(Dataset items)
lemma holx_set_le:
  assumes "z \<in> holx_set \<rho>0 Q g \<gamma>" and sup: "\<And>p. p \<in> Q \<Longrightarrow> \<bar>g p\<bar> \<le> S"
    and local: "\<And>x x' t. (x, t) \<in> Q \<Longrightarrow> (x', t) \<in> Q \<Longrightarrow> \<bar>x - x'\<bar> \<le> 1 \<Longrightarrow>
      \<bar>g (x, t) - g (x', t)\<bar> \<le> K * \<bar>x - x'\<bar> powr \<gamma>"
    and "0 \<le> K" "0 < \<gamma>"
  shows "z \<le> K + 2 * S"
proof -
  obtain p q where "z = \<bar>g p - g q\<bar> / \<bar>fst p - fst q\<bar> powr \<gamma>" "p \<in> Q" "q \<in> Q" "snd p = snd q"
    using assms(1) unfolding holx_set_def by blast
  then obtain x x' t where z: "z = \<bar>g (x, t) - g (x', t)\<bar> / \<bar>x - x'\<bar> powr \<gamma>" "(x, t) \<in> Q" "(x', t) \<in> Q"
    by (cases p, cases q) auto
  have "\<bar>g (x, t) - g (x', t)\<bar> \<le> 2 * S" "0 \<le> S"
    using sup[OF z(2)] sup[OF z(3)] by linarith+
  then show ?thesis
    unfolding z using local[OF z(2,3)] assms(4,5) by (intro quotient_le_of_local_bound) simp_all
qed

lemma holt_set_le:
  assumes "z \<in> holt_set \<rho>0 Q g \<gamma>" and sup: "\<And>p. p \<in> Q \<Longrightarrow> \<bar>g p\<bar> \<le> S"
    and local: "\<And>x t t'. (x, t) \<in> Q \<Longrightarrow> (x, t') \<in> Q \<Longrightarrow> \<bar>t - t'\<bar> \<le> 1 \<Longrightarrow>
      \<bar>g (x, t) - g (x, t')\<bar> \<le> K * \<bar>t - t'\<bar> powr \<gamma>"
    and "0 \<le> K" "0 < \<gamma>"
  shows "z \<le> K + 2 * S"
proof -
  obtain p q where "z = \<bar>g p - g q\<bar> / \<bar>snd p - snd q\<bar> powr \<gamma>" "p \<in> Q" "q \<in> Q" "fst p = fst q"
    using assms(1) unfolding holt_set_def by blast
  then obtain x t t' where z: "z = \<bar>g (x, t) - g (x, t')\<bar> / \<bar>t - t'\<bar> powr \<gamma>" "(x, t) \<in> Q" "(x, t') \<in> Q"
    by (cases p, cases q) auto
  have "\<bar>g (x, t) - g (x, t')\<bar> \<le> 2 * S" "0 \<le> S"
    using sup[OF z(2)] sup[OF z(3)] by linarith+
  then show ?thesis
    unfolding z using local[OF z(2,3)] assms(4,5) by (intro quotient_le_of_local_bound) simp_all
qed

EXERCISE:
Print, please, the lines above from the very first through the one that holds "x'\<bar> \<le> 1 \<Longrightarrow>", both included, word for word and with nothing else.

ANSWER SPACE:
lemma holx_set_le:
  assumes "z \<in> holx_set \<rho>0 Q g \<gamma>" and sup: "\<And>p. p \<in> Q \<Longrightarrow> \<bar>g p\<bar> \<le> S"
    and local: "\<And>x x' t. (x, t) \<in> Q \<Longrightarrow> (x', t) \<in> Q \<Longrightarrow> \<bar>x - x'\<bar> \<le> 1 \<Longrightarrow>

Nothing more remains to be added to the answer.